— What this task involves —
Wherever the string "symmetric" appears in a line of the listing below, report that line.

▬▬▬

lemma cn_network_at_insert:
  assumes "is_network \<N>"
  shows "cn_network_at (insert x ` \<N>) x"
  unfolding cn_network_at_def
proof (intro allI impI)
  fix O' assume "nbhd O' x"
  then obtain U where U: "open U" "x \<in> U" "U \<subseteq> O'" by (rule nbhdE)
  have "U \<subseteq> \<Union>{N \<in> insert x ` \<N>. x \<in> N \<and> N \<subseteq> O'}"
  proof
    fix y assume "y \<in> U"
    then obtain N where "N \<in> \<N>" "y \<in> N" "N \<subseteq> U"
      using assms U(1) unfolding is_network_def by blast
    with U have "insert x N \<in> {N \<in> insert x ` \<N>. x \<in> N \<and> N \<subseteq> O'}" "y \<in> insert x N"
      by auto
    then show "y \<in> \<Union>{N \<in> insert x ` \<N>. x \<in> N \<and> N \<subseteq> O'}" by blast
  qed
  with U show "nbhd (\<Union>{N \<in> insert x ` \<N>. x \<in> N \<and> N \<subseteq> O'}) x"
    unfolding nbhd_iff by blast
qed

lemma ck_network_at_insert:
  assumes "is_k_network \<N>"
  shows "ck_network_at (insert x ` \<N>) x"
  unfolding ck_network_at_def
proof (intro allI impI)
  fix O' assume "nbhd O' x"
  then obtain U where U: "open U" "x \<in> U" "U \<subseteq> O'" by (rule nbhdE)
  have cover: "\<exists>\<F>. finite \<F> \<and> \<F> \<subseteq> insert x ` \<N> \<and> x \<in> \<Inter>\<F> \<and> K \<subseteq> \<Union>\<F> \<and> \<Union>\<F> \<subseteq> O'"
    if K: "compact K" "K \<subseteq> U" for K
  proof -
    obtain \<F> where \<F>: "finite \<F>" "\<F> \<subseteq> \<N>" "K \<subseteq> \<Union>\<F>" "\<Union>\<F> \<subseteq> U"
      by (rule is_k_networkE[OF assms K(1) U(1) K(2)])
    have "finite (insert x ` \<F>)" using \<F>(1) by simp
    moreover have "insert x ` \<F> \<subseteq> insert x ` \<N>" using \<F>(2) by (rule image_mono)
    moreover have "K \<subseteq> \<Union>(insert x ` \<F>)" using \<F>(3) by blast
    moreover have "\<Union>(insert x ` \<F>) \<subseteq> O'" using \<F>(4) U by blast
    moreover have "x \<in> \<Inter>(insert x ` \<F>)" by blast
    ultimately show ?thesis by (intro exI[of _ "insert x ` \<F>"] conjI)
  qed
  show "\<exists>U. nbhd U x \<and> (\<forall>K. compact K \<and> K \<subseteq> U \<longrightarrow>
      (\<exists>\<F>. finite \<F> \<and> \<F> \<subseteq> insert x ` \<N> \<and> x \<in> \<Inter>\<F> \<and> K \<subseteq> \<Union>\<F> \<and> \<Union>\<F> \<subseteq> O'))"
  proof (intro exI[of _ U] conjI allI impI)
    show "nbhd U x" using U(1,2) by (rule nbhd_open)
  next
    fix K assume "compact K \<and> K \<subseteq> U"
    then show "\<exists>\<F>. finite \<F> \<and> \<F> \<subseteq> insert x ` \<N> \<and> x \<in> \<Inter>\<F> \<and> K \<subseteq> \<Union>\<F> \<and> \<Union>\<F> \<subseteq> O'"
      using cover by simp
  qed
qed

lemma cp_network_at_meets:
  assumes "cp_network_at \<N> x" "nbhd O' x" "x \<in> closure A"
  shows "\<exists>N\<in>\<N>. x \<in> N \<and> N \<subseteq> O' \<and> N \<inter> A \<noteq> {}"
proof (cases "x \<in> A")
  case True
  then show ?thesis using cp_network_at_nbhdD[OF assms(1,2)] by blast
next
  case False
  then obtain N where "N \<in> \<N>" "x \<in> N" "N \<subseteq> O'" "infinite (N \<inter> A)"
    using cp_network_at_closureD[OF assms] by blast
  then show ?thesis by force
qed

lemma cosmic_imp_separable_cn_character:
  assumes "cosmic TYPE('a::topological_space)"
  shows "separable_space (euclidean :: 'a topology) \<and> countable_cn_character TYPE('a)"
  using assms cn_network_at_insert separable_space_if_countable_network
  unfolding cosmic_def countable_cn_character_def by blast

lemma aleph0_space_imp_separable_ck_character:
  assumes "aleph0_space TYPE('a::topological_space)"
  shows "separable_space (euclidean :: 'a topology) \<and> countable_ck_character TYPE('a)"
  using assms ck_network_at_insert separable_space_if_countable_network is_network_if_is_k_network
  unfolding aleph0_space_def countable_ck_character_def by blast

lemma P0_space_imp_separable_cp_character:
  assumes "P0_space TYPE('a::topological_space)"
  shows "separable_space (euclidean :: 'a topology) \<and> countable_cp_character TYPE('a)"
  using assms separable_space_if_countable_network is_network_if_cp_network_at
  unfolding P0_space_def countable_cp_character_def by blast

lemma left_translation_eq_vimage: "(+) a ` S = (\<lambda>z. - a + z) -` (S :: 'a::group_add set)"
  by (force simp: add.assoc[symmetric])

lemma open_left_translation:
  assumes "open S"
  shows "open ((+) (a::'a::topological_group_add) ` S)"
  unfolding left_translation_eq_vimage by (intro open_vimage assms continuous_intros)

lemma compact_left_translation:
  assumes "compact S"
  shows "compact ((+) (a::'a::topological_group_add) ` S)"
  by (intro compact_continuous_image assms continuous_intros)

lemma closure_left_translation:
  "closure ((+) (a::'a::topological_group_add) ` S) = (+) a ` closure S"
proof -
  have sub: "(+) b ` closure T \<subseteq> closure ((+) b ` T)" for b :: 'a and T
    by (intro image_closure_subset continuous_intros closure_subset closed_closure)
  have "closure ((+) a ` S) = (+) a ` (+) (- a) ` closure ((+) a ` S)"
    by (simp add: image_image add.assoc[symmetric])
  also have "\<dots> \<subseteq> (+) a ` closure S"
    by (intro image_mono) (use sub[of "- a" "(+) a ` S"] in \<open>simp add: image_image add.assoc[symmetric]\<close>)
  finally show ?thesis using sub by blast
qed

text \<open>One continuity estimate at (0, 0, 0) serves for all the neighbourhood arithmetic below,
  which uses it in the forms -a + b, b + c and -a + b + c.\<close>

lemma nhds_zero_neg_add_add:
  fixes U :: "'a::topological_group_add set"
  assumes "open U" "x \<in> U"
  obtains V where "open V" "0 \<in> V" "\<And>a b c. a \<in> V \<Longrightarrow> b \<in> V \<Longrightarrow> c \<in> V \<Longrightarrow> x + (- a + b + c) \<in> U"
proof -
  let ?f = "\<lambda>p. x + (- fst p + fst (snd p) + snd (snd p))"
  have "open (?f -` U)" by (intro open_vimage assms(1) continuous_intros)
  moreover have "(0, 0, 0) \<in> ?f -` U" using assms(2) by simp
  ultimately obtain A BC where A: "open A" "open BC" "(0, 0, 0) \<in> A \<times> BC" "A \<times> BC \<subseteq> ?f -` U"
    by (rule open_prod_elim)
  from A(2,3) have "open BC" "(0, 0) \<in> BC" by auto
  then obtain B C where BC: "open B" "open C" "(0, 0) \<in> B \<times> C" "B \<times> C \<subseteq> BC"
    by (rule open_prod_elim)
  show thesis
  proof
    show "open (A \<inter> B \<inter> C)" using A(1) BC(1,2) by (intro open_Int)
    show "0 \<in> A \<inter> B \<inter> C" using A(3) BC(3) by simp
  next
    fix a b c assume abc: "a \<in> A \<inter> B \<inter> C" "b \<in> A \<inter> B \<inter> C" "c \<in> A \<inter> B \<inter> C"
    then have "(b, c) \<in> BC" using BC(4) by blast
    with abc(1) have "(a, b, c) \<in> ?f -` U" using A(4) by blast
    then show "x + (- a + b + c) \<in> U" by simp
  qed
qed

▬▬▬

— Answer area —
  by (force simp: add.assoc[symmetric])
    by (simp add: image_image add.assoc[symmetric])
    by (intro image_mono) (use sub[of "- a" "(+) a ` S"] in \<open>simp add: image_image add.assoc[symmetric]\<close>)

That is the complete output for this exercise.